◆ **AIM OF THE EXERCISE**: Go through the entries below and return every line that contains "noteq".

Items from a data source

- - -

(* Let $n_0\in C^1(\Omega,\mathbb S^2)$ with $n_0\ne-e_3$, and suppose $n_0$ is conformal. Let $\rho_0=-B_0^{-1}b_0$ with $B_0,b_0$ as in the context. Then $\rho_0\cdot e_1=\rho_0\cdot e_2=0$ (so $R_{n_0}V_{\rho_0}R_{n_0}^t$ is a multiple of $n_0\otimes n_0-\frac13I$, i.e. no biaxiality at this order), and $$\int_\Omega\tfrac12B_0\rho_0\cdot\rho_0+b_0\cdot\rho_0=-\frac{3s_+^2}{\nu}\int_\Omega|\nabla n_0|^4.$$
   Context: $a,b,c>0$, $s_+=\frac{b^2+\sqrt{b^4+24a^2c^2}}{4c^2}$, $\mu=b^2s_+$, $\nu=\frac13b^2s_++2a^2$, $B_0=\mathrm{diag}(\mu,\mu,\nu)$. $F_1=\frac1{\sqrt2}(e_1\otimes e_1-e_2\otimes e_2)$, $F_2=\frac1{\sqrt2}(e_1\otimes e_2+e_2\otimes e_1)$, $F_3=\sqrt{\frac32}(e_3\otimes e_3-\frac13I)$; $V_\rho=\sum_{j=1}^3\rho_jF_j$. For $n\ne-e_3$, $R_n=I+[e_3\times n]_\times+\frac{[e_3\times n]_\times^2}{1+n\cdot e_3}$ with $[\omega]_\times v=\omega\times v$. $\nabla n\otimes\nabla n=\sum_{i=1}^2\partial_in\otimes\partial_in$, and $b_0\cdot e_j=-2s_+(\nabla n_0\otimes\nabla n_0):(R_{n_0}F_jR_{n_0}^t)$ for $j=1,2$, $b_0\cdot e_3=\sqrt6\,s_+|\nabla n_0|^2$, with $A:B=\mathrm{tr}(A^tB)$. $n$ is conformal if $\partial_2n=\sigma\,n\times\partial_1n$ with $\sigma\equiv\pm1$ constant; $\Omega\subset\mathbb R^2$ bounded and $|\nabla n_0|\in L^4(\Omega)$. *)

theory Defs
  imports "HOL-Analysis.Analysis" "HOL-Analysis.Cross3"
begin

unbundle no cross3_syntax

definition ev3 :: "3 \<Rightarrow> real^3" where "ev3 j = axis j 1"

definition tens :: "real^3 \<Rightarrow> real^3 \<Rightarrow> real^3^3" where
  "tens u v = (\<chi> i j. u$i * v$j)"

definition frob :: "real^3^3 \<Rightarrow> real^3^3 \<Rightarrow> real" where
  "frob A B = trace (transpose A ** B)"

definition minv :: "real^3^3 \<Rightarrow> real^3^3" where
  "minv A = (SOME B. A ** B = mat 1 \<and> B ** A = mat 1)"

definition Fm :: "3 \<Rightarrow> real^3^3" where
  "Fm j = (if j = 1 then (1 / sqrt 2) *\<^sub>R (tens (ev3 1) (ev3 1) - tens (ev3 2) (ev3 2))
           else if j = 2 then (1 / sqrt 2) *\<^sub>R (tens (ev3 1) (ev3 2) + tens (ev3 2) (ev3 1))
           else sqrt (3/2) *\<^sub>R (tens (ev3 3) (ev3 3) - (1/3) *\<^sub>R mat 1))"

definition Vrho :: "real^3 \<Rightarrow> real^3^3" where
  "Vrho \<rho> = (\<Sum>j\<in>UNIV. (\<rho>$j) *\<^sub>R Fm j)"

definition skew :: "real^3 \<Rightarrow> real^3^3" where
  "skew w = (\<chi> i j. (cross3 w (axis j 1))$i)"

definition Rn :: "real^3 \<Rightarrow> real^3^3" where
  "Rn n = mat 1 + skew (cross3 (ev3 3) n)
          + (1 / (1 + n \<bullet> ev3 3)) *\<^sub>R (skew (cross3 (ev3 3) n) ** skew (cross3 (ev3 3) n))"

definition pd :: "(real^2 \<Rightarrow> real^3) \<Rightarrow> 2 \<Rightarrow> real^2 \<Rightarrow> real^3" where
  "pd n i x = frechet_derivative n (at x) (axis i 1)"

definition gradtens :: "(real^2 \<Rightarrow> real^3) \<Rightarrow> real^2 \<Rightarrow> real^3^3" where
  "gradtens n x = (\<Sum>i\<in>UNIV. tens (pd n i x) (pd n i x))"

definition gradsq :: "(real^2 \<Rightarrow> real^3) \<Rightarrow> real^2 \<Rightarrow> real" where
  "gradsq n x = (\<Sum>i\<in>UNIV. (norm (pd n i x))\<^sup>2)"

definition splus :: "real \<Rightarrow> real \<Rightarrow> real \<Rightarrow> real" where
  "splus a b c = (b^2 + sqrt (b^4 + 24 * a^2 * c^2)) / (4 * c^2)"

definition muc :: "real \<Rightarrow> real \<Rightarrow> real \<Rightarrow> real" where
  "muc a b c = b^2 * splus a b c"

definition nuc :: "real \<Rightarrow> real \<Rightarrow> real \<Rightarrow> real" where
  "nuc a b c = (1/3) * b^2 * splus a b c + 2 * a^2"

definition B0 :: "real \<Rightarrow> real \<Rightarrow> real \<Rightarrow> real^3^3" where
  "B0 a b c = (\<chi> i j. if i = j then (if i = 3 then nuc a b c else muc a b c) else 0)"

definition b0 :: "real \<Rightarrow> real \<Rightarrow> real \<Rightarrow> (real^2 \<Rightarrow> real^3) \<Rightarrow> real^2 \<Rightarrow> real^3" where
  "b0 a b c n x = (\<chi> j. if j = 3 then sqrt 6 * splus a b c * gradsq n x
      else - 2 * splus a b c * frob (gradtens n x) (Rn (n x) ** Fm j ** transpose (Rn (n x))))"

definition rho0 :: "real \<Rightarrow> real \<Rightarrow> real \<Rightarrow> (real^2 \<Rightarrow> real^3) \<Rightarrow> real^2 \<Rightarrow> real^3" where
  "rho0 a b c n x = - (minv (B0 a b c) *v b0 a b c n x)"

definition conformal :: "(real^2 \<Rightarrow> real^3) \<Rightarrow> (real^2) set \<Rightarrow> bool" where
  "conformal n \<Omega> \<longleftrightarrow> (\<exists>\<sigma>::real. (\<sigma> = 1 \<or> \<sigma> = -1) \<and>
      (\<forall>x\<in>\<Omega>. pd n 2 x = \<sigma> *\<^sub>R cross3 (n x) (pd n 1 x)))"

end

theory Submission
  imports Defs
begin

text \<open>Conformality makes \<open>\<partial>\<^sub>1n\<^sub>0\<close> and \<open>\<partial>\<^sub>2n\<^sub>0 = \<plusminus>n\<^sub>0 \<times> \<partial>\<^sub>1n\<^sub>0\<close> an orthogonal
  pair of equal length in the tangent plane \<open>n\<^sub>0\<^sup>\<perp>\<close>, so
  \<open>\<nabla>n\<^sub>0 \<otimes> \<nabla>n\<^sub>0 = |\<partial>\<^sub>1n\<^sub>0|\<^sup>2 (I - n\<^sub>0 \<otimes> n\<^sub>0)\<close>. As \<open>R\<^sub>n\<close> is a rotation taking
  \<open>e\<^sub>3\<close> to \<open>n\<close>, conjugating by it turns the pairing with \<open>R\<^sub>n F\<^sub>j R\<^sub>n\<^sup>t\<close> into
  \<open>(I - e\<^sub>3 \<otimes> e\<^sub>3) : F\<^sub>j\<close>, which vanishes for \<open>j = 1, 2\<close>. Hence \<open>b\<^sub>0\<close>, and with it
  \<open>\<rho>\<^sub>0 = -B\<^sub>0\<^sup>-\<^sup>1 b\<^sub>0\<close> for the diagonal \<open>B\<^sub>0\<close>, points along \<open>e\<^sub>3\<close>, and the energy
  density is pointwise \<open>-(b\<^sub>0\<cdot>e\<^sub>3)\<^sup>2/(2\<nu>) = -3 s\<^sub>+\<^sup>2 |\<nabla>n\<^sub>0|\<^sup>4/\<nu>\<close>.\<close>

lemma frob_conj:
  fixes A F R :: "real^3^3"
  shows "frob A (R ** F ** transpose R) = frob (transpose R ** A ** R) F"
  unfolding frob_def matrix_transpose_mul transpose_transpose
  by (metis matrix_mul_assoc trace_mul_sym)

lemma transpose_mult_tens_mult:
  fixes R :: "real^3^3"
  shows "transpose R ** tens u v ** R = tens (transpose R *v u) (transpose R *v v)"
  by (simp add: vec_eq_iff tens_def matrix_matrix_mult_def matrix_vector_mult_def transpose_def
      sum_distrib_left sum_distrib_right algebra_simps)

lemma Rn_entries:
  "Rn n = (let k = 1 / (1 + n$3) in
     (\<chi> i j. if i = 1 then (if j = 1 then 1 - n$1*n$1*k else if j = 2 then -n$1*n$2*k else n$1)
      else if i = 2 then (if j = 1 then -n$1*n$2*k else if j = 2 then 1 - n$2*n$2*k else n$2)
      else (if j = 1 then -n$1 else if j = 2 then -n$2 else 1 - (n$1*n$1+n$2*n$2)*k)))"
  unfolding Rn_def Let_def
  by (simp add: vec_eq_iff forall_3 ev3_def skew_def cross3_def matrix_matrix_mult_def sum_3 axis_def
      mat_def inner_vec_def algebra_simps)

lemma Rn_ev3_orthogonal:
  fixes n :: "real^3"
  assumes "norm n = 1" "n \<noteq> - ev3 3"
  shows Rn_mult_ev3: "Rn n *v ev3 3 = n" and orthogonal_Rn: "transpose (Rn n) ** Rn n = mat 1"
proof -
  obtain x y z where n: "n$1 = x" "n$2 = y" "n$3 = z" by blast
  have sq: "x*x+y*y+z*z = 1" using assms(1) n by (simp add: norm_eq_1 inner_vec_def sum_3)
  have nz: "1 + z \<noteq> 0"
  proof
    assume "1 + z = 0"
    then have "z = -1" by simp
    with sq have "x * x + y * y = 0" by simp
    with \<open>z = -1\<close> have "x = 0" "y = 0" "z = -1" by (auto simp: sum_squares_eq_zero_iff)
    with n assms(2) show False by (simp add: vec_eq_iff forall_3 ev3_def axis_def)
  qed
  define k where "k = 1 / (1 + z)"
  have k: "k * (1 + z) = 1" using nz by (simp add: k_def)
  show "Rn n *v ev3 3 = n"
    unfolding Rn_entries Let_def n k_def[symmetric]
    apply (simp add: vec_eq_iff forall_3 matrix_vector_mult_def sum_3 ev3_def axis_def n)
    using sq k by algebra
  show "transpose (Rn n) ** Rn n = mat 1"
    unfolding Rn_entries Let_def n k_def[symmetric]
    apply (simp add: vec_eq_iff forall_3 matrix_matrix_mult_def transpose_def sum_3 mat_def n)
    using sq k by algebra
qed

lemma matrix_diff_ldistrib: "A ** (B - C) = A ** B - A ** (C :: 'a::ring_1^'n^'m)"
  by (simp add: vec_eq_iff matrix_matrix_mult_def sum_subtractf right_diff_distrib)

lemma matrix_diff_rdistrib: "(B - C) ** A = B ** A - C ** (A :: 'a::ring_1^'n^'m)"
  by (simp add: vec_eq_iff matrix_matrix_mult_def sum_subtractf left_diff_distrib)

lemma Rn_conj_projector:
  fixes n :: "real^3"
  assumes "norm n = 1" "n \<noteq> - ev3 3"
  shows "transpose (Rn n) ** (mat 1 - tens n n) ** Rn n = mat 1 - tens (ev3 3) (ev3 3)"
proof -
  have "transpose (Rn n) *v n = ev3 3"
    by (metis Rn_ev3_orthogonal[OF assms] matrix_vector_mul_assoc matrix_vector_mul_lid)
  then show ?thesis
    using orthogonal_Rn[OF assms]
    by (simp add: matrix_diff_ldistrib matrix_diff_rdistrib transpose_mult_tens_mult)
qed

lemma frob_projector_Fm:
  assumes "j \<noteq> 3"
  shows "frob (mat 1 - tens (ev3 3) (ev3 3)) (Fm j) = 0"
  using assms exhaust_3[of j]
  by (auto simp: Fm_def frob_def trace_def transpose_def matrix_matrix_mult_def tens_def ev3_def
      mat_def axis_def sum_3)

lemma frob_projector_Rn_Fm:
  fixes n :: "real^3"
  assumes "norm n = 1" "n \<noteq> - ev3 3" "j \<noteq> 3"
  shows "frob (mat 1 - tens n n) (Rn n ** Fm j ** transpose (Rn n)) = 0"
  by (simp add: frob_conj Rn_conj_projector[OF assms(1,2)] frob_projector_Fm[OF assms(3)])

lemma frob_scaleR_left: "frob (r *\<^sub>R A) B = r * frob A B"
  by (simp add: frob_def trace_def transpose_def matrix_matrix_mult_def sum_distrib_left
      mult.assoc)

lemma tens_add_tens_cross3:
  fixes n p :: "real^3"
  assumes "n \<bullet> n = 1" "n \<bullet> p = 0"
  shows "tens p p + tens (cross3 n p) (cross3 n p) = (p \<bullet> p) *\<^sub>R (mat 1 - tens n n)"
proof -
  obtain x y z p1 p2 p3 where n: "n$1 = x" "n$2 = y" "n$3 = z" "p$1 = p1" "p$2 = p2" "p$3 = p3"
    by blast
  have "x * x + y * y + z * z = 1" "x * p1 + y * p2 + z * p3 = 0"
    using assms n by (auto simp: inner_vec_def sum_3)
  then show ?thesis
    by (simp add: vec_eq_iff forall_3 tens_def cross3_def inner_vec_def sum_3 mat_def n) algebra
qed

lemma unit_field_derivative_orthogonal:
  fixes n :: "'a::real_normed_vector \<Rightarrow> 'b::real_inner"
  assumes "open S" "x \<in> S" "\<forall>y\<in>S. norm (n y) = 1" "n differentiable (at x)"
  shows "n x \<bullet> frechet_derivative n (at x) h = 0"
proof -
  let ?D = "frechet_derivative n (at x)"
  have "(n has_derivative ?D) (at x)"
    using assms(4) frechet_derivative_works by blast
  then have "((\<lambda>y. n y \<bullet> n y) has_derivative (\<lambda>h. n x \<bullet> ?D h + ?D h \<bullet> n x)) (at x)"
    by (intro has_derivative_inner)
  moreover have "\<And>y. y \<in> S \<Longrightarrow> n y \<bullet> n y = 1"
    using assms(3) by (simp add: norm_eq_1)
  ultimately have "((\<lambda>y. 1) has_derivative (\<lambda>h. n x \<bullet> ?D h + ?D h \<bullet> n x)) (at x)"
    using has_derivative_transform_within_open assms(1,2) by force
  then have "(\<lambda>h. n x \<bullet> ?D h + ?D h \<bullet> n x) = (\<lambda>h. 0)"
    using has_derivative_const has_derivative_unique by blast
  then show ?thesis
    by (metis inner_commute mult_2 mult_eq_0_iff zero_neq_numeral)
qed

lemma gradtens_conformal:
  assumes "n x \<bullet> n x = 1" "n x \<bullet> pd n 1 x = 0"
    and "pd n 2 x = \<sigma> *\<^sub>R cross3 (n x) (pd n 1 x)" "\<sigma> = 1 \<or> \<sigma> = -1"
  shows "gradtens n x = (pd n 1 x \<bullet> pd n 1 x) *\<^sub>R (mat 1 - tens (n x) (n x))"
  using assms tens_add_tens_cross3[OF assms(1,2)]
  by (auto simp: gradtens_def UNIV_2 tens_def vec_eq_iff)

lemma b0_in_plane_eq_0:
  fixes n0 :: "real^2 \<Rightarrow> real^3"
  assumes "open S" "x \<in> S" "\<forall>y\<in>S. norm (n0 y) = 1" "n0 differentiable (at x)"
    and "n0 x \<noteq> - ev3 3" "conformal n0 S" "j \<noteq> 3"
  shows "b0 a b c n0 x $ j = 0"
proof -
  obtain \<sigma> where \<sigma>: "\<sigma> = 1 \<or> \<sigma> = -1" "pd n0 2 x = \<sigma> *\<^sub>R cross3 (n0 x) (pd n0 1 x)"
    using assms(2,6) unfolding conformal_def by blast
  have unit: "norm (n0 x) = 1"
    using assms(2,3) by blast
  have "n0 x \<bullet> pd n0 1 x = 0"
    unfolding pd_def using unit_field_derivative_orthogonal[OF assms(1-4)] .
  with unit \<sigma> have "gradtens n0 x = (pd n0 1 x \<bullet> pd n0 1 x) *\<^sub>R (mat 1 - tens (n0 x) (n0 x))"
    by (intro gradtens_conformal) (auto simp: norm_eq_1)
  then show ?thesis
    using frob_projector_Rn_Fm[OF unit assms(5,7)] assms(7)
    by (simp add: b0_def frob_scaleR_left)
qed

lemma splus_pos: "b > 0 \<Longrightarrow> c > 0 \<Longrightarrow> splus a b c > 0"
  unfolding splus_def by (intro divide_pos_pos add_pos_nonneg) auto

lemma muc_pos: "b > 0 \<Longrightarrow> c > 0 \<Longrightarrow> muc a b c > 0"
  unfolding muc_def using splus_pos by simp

- - -

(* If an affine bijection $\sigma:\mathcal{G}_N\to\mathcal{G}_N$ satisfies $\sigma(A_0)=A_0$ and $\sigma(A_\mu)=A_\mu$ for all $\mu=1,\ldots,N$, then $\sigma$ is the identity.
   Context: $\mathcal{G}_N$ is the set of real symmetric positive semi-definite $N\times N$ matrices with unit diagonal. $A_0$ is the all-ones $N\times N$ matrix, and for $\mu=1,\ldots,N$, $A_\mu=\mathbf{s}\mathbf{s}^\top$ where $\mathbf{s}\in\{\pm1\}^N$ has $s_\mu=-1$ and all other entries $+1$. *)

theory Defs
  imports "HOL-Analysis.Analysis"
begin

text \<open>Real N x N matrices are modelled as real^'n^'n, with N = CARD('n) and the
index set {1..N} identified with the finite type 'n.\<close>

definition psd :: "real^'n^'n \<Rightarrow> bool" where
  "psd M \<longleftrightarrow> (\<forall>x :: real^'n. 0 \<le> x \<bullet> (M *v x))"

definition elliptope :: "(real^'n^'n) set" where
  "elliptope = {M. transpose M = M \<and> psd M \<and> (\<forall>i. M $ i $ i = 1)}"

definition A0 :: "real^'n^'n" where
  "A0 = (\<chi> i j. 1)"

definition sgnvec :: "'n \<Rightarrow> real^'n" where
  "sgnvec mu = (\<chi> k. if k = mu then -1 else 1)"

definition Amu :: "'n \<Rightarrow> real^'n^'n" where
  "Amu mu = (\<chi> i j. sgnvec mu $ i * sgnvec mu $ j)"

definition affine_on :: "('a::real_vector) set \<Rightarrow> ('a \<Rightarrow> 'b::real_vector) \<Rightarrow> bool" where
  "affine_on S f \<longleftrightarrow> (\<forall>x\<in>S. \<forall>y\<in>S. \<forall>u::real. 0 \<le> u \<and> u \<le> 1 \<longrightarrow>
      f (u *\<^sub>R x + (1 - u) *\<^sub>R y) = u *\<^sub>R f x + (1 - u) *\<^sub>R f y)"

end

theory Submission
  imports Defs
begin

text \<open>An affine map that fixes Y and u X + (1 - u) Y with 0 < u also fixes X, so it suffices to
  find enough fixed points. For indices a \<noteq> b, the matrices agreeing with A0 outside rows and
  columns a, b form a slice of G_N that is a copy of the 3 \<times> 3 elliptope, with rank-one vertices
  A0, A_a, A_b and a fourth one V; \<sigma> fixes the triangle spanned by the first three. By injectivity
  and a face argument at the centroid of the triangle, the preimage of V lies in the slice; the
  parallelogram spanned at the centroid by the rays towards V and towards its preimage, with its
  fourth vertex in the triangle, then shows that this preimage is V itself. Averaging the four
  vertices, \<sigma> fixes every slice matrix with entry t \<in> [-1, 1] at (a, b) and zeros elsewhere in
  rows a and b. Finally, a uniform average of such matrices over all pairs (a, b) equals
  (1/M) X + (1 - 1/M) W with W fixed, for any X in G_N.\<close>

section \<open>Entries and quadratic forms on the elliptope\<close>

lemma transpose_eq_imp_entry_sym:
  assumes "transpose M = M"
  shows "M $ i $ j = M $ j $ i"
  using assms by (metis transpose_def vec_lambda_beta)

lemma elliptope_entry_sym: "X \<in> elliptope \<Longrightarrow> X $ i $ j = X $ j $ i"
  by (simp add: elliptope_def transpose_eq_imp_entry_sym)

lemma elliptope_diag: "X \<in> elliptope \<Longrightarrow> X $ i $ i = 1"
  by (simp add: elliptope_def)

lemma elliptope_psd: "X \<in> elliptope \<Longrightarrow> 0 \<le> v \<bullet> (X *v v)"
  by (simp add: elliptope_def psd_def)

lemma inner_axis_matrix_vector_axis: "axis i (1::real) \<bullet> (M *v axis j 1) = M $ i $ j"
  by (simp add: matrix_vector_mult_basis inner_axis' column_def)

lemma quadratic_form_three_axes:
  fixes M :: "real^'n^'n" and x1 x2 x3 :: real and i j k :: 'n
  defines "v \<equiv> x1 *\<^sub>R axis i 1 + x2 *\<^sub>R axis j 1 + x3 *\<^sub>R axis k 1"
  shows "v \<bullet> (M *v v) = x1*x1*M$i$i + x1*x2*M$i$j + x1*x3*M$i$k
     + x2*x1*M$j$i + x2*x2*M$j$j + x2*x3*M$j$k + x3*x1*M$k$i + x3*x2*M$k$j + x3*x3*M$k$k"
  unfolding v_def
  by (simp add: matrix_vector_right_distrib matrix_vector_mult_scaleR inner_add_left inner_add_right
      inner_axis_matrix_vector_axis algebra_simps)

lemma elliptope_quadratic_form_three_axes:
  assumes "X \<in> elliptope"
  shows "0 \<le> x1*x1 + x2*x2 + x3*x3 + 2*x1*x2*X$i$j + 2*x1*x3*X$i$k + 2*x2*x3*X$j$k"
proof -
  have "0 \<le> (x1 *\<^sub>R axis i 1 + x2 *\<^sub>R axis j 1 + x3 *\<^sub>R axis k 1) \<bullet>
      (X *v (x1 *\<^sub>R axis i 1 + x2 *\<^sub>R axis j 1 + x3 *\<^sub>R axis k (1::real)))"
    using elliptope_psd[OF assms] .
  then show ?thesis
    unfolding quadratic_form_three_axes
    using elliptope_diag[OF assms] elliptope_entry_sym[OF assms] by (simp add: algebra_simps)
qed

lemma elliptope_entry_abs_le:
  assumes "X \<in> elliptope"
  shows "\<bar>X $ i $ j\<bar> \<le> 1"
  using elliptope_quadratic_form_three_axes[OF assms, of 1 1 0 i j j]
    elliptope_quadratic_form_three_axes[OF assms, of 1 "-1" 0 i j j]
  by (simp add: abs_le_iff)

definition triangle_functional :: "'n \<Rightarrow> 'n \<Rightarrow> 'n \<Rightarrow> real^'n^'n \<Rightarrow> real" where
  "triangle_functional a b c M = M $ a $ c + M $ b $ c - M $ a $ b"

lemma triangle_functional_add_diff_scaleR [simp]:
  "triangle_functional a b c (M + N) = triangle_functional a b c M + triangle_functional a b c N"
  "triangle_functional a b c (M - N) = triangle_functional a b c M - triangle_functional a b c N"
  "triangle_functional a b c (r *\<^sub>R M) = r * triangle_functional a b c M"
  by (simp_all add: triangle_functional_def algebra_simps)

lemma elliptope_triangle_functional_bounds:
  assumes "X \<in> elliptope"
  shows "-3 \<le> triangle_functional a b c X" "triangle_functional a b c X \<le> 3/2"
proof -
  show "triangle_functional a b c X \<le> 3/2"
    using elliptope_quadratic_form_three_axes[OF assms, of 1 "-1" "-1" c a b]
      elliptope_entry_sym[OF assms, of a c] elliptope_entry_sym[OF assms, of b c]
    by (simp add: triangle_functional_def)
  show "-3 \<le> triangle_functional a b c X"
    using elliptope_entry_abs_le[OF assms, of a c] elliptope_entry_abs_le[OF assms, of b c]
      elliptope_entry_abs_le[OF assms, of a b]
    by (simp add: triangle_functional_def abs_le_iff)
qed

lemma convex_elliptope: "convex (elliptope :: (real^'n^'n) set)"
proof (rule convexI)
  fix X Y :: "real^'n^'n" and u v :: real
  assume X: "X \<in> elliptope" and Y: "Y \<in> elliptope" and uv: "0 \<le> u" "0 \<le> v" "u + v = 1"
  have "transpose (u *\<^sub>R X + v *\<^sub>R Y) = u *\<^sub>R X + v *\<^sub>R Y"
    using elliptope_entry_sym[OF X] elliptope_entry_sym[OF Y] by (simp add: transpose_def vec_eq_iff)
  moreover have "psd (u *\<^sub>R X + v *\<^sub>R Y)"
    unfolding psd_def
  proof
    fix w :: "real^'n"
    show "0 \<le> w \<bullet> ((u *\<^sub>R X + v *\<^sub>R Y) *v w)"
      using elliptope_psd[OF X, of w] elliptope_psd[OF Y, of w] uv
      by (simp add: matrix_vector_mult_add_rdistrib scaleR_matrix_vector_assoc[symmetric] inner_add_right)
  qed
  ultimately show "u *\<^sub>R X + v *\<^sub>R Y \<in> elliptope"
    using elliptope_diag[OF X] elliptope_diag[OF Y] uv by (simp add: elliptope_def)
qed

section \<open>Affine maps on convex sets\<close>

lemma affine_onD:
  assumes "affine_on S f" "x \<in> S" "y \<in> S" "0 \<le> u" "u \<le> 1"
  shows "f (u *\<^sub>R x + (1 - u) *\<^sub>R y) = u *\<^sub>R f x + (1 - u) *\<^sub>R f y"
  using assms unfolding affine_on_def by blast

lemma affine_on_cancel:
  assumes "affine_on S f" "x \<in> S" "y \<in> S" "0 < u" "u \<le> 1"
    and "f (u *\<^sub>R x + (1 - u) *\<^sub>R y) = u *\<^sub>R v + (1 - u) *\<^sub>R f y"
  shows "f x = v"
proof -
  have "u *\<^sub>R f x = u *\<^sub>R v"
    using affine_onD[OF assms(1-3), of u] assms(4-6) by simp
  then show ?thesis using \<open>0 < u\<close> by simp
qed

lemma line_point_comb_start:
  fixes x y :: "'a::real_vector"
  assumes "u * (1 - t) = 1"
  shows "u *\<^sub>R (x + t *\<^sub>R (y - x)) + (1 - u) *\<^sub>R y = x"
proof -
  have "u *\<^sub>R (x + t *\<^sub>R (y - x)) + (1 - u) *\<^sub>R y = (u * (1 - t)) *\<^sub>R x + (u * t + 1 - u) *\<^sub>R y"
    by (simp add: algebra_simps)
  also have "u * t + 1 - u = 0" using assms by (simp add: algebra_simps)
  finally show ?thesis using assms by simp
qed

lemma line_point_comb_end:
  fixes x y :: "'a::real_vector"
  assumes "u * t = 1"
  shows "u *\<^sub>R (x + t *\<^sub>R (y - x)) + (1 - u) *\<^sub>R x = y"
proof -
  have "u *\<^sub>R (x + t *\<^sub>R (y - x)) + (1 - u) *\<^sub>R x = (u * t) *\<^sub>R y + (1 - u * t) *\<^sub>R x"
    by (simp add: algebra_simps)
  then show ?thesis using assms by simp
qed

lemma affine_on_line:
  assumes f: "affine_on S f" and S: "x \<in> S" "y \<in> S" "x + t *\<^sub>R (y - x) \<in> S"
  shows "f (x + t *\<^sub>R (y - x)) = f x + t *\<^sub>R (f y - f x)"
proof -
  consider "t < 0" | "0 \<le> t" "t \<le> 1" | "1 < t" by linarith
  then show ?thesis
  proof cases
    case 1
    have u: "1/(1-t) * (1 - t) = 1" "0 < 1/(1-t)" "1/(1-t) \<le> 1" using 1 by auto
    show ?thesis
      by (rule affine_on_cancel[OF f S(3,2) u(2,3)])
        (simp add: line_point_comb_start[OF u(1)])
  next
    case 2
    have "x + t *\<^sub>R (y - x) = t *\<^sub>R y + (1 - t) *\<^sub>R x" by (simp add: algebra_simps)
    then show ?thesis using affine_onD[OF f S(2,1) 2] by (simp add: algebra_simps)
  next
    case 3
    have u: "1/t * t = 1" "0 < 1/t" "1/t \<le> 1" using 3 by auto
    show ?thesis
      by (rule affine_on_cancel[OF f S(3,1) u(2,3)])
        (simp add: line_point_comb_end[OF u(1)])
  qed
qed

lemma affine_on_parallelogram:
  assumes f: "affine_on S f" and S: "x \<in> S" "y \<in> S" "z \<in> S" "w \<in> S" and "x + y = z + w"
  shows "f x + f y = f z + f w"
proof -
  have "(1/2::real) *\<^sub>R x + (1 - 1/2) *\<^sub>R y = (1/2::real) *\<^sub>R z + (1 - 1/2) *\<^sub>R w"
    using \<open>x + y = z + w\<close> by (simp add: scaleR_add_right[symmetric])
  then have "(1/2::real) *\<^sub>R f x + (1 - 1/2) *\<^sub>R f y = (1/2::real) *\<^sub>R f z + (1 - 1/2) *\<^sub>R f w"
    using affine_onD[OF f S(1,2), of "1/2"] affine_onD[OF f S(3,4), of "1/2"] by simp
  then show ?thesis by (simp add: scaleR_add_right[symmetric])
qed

- - -

◆ **EXERCISE RESULT**:
  assumes "norm n = 1" "n \<noteq> - ev3 3"
  have nz: "1 + z \<noteq> 0"
  assumes "norm n = 1" "n \<noteq> - ev3 3"
  assumes "j \<noteq> 3"
  assumes "norm n = 1" "n \<noteq> - ev3 3" "j \<noteq> 3"
    and "n0 x \<noteq> - ev3 3" "conformal n0 S" "j \<noteq> 3"
  find enough fixed points. For indices a \<noteq> b, the matrices agreeing with A0 outside rows and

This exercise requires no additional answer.